A groundshare, also known as a shared stadium or shared arena, is the principle of sharing a stadium between two local sports teams. This is usually done for the purpose of reducing the costs of either construction of two separate facilities and related maintenance.

==Types of groundshares==

===Intersport groundshares===
Given sufficient compatibility between facility requirements, two teams that do not play the same sport may share a ground or a stadium. North American indoor arenas commonly feature basketball and ice hockey teams sharing the facility during their common fall-to-spring season; a layer of insulation and a basketball floor can easily be laid over or removed from the hockey rink, and dasher boards disassembled or reconfigured, in a matter of hours.

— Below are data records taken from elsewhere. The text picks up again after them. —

lemma prod_mult_Gamma_diff:
  fixes z :: real
  assumes "z - real j > 0"
  shows "(\<Prod>i = 1..j. 2 * z - 2 * real i) * Gamma (z - real j) = 2 ^ j * Gamma z"
  using assms
proof (induction j)
  case (Suc j)
  have "z - real j = (z - real (Suc j)) + 1" by simp
  moreover have "z - real (Suc j) \<notin> \<int>\<^sub>\<le>\<^sub>0" using Suc.prems by (auto elim!: nonpos_Ints_cases)
  ultimately have "Gamma (z - real j) = (z - real (Suc j)) * Gamma (z - real (Suc j))"
    by (metis Gamma_plus1)
  then have "(\<Prod>i = 1..Suc j. 2 * z - 2 * real i) * Gamma (z - real (Suc j))
      = 2 * ((\<Prod>i = 1..j. 2 * z - 2 * real i) * Gamma (z - real j))"
    by (simp add: prod.nat_ivl_Suc' mult_ac)
  also have "\<dots> = 2 ^ Suc j * Gamma z"
    using Suc by simp
  finally show ?case .
qed simp

lemma acoef_const_odd:
  assumes j: "j \<ge> 1" and N: "real N \<ge> 2 * real j + 1"
  shows "acoef_const (real N) (2 * j - 1) = 1 / (2 ^ (j - 1) * pi ^ j) * (1 / (\<Prod>i = 1..j. real N - 2 * real i))
           * (1 / sigma N) * (pi powr (real (2 * j) / 2) / Gamma (real (2 * j) / 2))"
proof -
  define n where "n = real N"
  have real_diff: "real (2 * j - 1) = 2 * real j - 1" using j by (simp add: of_nat_diff)
  have prod_Gamma: "(\<Prod>i = 1..j. n - 2 * real i) * Gamma (n / 2 - real j) = 2 ^ j * Gamma (n / 2)"
    using prod_mult_Gamma_diff[of "n / 2" j] N by (simp add: n_def)
  have Gamma_pos: "Gamma (n / 2 - real j) > 0" "Gamma (n / 2) > 0" "Gamma (real j) > 0" using N j by (auto simp: n_def)
  have prod_eq: "(\<Prod>i = 1..j. n - 2 * real i) = 2 ^ j * Gamma (n / 2) / Gamma (n / 2 - real j)"
    using prod_Gamma Gamma_pos by (simp add: eq_divide_eq)
  have arg1: "(n - (2 * real j - 1) - 1) / 2 = n / 2 - real j" by (simp add: field_simps)
  have arg2: "(2 * real j - 1 + 1) / 2 = real j" by simp
  have sigma_eq: "sigma N = 2 * pi powr (n / 2) / Gamma (n / 2)" by (simp add: sigma_def n_def)
  have half_even: "real (2 * j) / 2 = real j" by simp
  have sign_eq: "(-1::real) ^ (2 * j - 1 + 1) = 1" using j by simp
  have two_power: "(2::real) ^ (2 * j - 1 + 1) = 2 ^ (j - 1) * 2 ^ j * 2"
  proof -
    have "(2::real) ^ (j - 1) * 2 ^ j * 2 = 2 ^ ((j - 1) + j + 1)" by (simp only: power_add power_one_right)
    moreover have "(j - 1) + j + 1 = 2 * j - 1 + 1" using j by simp
    ultimately show ?thesis by simp
  qed
  show ?thesis
    unfolding acoef_const_def n_def[symmetric] real_diff arg1 arg2 sigma_eq half_even powr_realpow[OF pi_gt_zero] prod_eq sign_eq two_power
    using Gamma_pos by (simp add: field_simps)
qed

lemma bcoef_const_odd:
  assumes j: "j \<ge> 1" and N: "real N \<ge> 2 * real j + 1"
  shows "bcoef_const (real N) (2 * j - 1) = - 1 / (2 ^ (j - 1) * pi ^ j) * (1 / (\<Prod>i = 1..j. real N - 2 * real i + 1))
           * (1 / sigma (N + 1)) * (pi powr ((real (2 * j) + 1) / 2) / Gamma ((real (2 * j) + 1) / 2))"
proof -
  define n where "n = real N"
  obtain j' where j': "j = Suc j'" using j by (cases j) auto
  have real_diff: "real (2 * j - 1) = 2 * real j - 1" using j by (simp add: of_nat_diff)
  have prod_Gamma: "(\<Prod>i = 1..j. 2 * ((n + 1) / 2) - 2 * real i) * Gamma ((n + 1) / 2 - real j) = 2 ^ j * Gamma ((n + 1) / 2)"
    using N by (intro prod_mult_Gamma_diff) (simp add: n_def)
  have prod_reindex: "(\<Prod>i = 1..j. 2 * ((n + 1) / 2) - 2 * real i) = (\<Prod>i = 1..j. n - 2 * real i + 1)"
    by (intro prod.cong) auto
  have Gamma_pos: "Gamma ((n + 1) / 2 - real j) > 0" "Gamma ((n + 1) / 2) > 0" "Gamma (real j + 1 / 2) > 0" using N j by (auto simp: n_def)
  have prod_eq: "(\<Prod>i = 1..j. n - 2 * real i + 1) = 2 ^ j * Gamma ((n + 1) / 2) / Gamma ((n + 1) / 2 - real j)"
    using prod_Gamma Gamma_pos unfolding prod_reindex by (simp add: eq_divide_eq)
  have arg1: "(n - (2 * real j - 1)) / 2 = (n + 1) / 2 - real j" by (simp add: field_simps)
  have arg2: "(2 * real j - 1) / 2 + 1 = real j + 1 / 2" by (simp add: field_simps)
  have arg3: "(real (2 * j) + 1) / 2 = real j + 1 / 2" by simp
  have sigma_eq: "sigma (N + 1) = 2 * pi powr ((n + 1) / 2) / Gamma ((n + 1) / 2)" by (simp add: sigma_def n_def add.commute)
  have pi_power: "pi powr (real j + 1 / 2) = pi ^ j * sqrt pi"
    by (simp add: powr_add powr_half_sqrt powr_realpow[OF pi_gt_zero])
  have sign_eq: "(-1::real) ^ (2 * j - 1) = -1" using j' by simp
  have two_power: "(2::real) ^ (2 * j - 1 + 1) = 2 ^ (j - 1) * 2 ^ j * 2"
  proof -
    have "(2::real) ^ (j - 1) * 2 ^ j * 2 = 2 ^ ((j - 1) + j + 1)" by (simp only: power_add power_one_right)
    moreover have "(j - 1) + j + 1 = 2 * j - 1 + 1" using j by simp
    ultimately show ?thesis by simp
  qed
  have pi_pos: "pi powr (n / 2) > 0" "sqrt pi > 0" by auto
  show ?thesis
    unfolding bcoef_const_def n_def[symmetric] real_diff arg1 arg2 arg3 sigma_eq pi_power prod_eq sign_eq two_power pi_powr_add_half
    using Gamma_pos pi_pos by (simp add: field_simps)
qed

lemma acoef_const_even:
  assumes j: "j \<ge> 1" and N: "real N \<ge> 2 * real j + 2"
  shows "acoef_const (real N) (2 * j) = - 1 / (2 ^ (j - 1) * pi ^ j) * (1 / (\<Prod>i = 0..j. real N - 2 * real i - 1))
           * (1 / sigma (N + 1)) * (pi powr (real (2 * j+1) / 2) / Gamma (real (2 * j+1) / 2))"
proof -
  define n where "n = real N"
  have prod_Gamma: "(\<Prod>i = 1..Suc j. 2 * ((n + 1) / 2) - 2 * real i) * Gamma ((n + 1) / 2 - real (Suc j)) = 2 ^ (Suc j) * Gamma ((n + 1) / 2)"
    using N by (intro prod_mult_Gamma_diff) (simp add: n_def)
  have prod_reindex: "(\<Prod>i = 1..Suc j. 2 * ((n + 1) / 2) - 2 * real i) = (\<Prod>i = 0..j. n - 2 * real i - 1)"
  proof -
    have "(\<Prod>i = 1..Suc j. 2 * ((n + 1) / 2) - 2 * real i) = (\<Prod>i = Suc 0..Suc j. 2 * ((n + 1) / 2) - 2 * real i)" by simp
    also have "\<dots> = (\<Prod>i = 0..j. 2 * ((n + 1) / 2) - 2 * real (Suc i))"
      by (rule prod.atLeast_Suc_atMost_Suc_shift[unfolded comp_def])
    also have "\<dots> = (\<Prod>i = 0..j. n - 2 * real i - 1)"
      by (intro prod.cong) (auto simp: field_simps)
    finally show ?thesis .
  qed
  have Gamma_pos: "Gamma ((n + 1) / 2 - real (Suc j)) > 0" "Gamma ((n + 1) / 2) > 0" "Gamma (real j + 1 / 2) > 0" using N j by (auto simp: n_def)
  have prod_eq: "(\<Prod>i = 0..j. n - 2 * real i - 1) = 2 ^ (Suc j) * Gamma ((n + 1) / 2) / Gamma ((n + 1) / 2 - real (Suc j))"
    using prod_Gamma Gamma_pos unfolding prod_reindex by (simp add: eq_divide_eq)
  have arg1: "(n - real (2 * j) - 1) / 2 = (n + 1) / 2 - real (Suc j)" by (simp add: field_simps)
  have arg2: "(real (2 * j) + 1) / 2 = real j + 1 / 2" by simp
  have arg3: "real (2 * j+1) / 2 = real j + 1 / 2" by simp
  have sigma_eq: "sigma (N + 1) = 2 * pi powr ((n + 1) / 2) / Gamma ((n + 1) / 2)" by (simp add: sigma_def n_def add.commute)
  have pi_power: "pi powr (real j + 1 / 2) = pi ^ j * sqrt pi"
    by (simp add: powr_add powr_half_sqrt powr_realpow[OF pi_gt_zero])
  have sign_eq: "(-1::real) ^ (2 * j + 1) = -1" by simp
  have two_power: "(2::real) ^ (2 * j + 1) = 2 ^ (j - 1) * 2 ^ (Suc j) * 2"
  proof -
    have "(2::real) ^ (j - 1) * 2 ^ (Suc j) * 2 = 2 ^ ((j - 1) + Suc j + 1)" by (simp only: power_add power_one_right)
    moreover have "(j - 1) + Suc j + 1 = 2 * j + 1" using j by simp
    ultimately show ?thesis by simp
  qed
  have pi_pos: "pi powr (n / 2) > 0" "sqrt pi > 0" by auto
  show ?thesis
    unfolding acoef_const_def n_def[symmetric] arg1 arg2 arg3 sigma_eq pi_power prod_eq sign_eq two_power pi_powr_add_half
    using Gamma_pos pi_pos by (simp add: field_simps)
qed

lemma bcoef_const_even:
  assumes j: "j \<ge> 1" and N: "real N \<ge> 2 * real j + 2"
  shows "bcoef_const (real N) (2 * j) = 1 / (2 ^ j * pi ^ (j + 1)) * (1 / (\<Prod>i = 1..j. real N - 2 * real i))
           * (1 / sigma N) * (pi powr ((real (2 * j+1) + 1) / 2) / Gamma ((real (2 * j+1) + 1) / 2))"
proof -
  define n where "n = real N"
  have prod_Gamma: "(\<Prod>i = 1..j. n - 2 * real i) * Gamma (n / 2 - real j) = 2 ^ j * Gamma (n / 2)"
    using prod_mult_Gamma_diff[of "n / 2" j] N by (simp add: n_def)
  have Gamma_pos: "Gamma (n / 2 - real j) > 0" "Gamma (n / 2) > 0" "Gamma (real j + 1) > 0" using N j by (auto simp: n_def)
  have prod_eq: "(\<Prod>i = 1..j. n - 2 * real i) = 2 ^ j * Gamma (n / 2) / Gamma (n / 2 - real j)"
    using prod_Gamma Gamma_pos by (simp add: eq_divide_eq)
  have arg1: "(n - real (2 * j)) / 2 = n / 2 - real j" by (simp add: field_simps)
  have arg2: "real (2 * j) / 2 + 1 = real j + 1" by simp
  have arg3: "(real (2 * j+1) + 1) / 2 = real (j + 1)" by simp
  have sigma_eq: "sigma N = 2 * pi powr (n / 2) / Gamma (n / 2)" by (simp add: sigma_def n_def)
  have sign_eq: "(-1::real) ^ (2 * j) = 1" by simp
  have two_power: "(2::real) ^ (2 * j + 1) = 2 ^ j * 2 ^ j * 2"
  proof -
    have "(2::real) ^ j * 2 ^ j * 2 = 2 ^ (j + j + 1)" by (simp only: power_add power_one_right)
    moreover have "j + j + 1 = 2 * j + 1" by simp
    ultimately show ?thesis by simp
  qed
  have pi_pos: "pi powr (n / 2) > 0" by auto
  show ?thesis
    unfolding bcoef_const_def n_def[symmetric] arg1 arg2 arg3 sigma_eq powr_realpow[OF pi_gt_zero] prod_eq sign_eq two_power
    using Gamma_pos pi_pos by (simp add: field_simps)
qed

lemma acoef_odd:
  fixes x :: "real^'m"
  assumes j: "j \<ge> 1" and m: "CARD('m) \<ge> 2 * j + 1" and x: "x \<noteq> 0"
  shows "acoef (2 * j - 1) x =
           1 / (2 ^ (j - 1) * pi ^ j) * (1 / (\<Prod>i = 1..j. real CARD('m) - 2 * real i))
           * (1 / sigma CARD('m)) * Tstar (2 * j) x"
proof -
  have k: "2 * j - 1 + 2 \<le> CARD('m)" and m': "real CARD('m) \<ge> 2 * real j + 1"
    using m j by auto
  have exponent: "real (2 * j - 1) + 1 = real (2 * j)" using j by (simp add: of_nat_diff)
  show ?thesis
    unfolding acoef_eq[OF k x] acoef_const_odd[OF j m'] Tstar_def exponent by (simp add: mult_ac)
qed

lemma bcoef_odd:
  fixes x :: "real^'m"
  assumes j: "j \<ge> 1" and m: "CARD('m) \<ge> 2 * j + 1" and x: "x \<noteq> 0"
  shows "bcoef (2 * j - 1) x =
           (- 1 / (2 ^ (j - 1) * pi ^ j) * (1 / (\<Prod>i = 1..j. real CARD('m) - 2 * real i + 1))
           * (1 / sigma (CARD('m) + 1))) *\<^sub>R Ustar (2 * j) x"
proof -
  have k: "2 * j - 1 + 2 \<le> CARD('m)" and m': "real CARD('m) \<ge> 2 * real j + 1"
    using m j by auto
  have "real (2 * j) - real CARD('m) = (real (2 * j - 1) - real CARD('m)) + 1" using j by (simp add: of_nat_diff)
  then have "norm x powr (real (2 * j) - real CARD('m)) = norm x powr (real (2 * j - 1) - real CARD('m)) * norm x powr 1"
    by (simp only: powr_add)
  then have exponent: "norm x powr (real (2 * j) - real CARD('m)) / norm x = norm x powr (real (2 * j - 1) - real CARD('m))"
    using x by simp
  show ?thesis
    unfolding bcoef_eq[OF k x] bcoef_const_odd[OF j m'] Ustar_def times_divide_eq_right[symmetric] exponent
    by (simp add: mult_ac)
qed

lemma acoef_even:
  fixes x :: "real^'m"
  assumes j: "j \<ge> 1" and m: "CARD('m) \<ge> 2 * j + 2" and x: "x \<noteq> 0"
  shows "acoef (2 * j) x =
           - 1 / (2 ^ (j - 1) * pi ^ j) * (1 / (\<Prod>i = 0..j. real CARD('m) - 2 * real i - 1))
           * (1 / sigma (CARD('m) + 1)) * Tstar (2 * j + 1) x"
proof -
  have k: "2 * j + 2 \<le> CARD('m)" and m': "real CARD('m) \<ge> 2 * real j + 2"
    using m by auto
  have exponent: "real (2 * j) + 1 = real (2 * j + 1)" by simp
  show ?thesis
    unfolding acoef_eq[OF k x] acoef_const_even[OF j m'] Tstar_def exponent by (simp add: mult_ac)
qed

lemma bcoef_even:
  fixes x :: "real^'m"
  assumes j: "j \<ge> 1" and m: "CARD('m) \<ge> 2 * j + 2" and x: "x \<noteq> 0"
  shows "bcoef (2 * j) x =
           (1 / (2 ^ j * pi ^ (j + 1)) * (1 / (\<Prod>i = 1..j. real CARD('m) - 2 * real i))
           * (1 / sigma CARD('m))) *\<^sub>R Ustar (2 * j + 1) x"
proof -
  have k: "2 * j + 2 \<le> CARD('m)" and m': "real CARD('m) \<ge> 2 * real j + 2"
    using m by auto
  have "real (2 * j + 1) - real CARD('m) = (real (2 * j) - real CARD('m)) + 1" by simp
  then have "norm x powr (real (2 * j + 1) - real CARD('m)) = norm x powr (real (2 * j) - real CARD('m)) * norm x powr 1"
    by (simp only: powr_add)
  then have exponent: "norm x powr (real (2 * j + 1) - real CARD('m)) / norm x = norm x powr (real (2 * j) - real CARD('m))"
    using x by simp
  show ?thesis
    unfolding bcoef_eq[OF k x] bcoef_const_even[OF j m'] Ustar_def times_divide_eq_right[symmetric] exponent
    by (simp add: mult_ac)
qed

theorem mainTheorem17:
  fixes j :: nat
  assumes "j \<ge> 1"
  shows "(CARD('m) \<ge> 2 * j + 1 \<longrightarrow>
           (\<forall>x :: real^'m. x \<noteq> 0 \<longrightarrow>
              acoef (2 * j - 1) x =
                1 / (2 ^ (j - 1) * pi ^ j)
                * (1 / (\<Prod>i = 1..j. real CARD('m) - 2 * real i))
                * (1 / sigma CARD('m)) * Tstar (2 * j) x
            \<and> bcoef (2 * j - 1) x =
                (- 1 / (2 ^ (j - 1) * pi ^ j)
                * (1 / (\<Prod>i = 1..j. real CARD('m) - 2 * real i + 1))
                * (1 / sigma (CARD('m) + 1))) *\<^sub>R Ustar (2 * j) x))
       \<and> (CARD('m) \<ge> 2 * j + 2 \<longrightarrow>
           (\<forall>x :: real^'m. x \<noteq> 0 \<longrightarrow>
              acoef (2 * j) x =
                - 1 / (2 ^ (j - 1) * pi ^ j)
                * (1 / (\<Prod>i = 0..j. real CARD('m) - 2 * real i - 1))
                * (1 / sigma (CARD('m) + 1)) * Tstar (2 * j + 1) x
            \<and> bcoef (2 * j) x =
                (1 / (2 ^ j * pi ^ (j + 1))
                * (1 / (\<Prod>i = 1..j. real CARD('m) - 2 * real i))
                * (1 / sigma CARD('m))) *\<^sub>R Ustar (2 * j + 1) x))"
  using acoef_odd[OF assms] bcoef_odd[OF assms] acoef_even[OF assms] bcoef_even[OF assms] by blast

Historically baseball and American football teams often shared a large general-purpose outdoor or domed stadium, particularly during the multi-purpose stadium era of the 1960s–1990s, despite the dissimilarity of their fields; historically before the television age, the National Football League and its teams rented baseball stadiums and did not have the resources to build a team-specific stadium outside of rare examples such as the two-stadium Truman Sports Complex in Kansas City, Missouri.

This practice fell out of fashion in the 1990s as baseball teams entered the retro-classic ballpark age, where stadiums became more classically styled to the sport, and were intentionally sized to disallow a football layout entirely unless they have a deep outfield, along with seating arrangements which would disadvantage the views football spectators. In turn, the NFL's popularity allowed their teams to demand and have stadiums build specifically designed to host that sport, along with being able to easily accommodate domestic or international soccer as American spectator interest in that sport grew. The development of Major League Soccer and the United States soccer league system then allowed for the development of soccer-specific stadiums which could also host college football and high school football without the overhead and 'empty bowl' feel of the 50,000+ seats required to host an NFL game.

Sharing between football codes is also posible, as association football and rugby codes.

A variation on the groundshare concept exists commonly within the National Basketball Association and the National Hockey League. As the space requirements for a regulation NHL hockey rink can easily contain a regulation NBA basketball court comfortably with additional courtside seating, in many cases where a metropolitan area has both an NBA and an NHL franchise, the teams will share the same arena.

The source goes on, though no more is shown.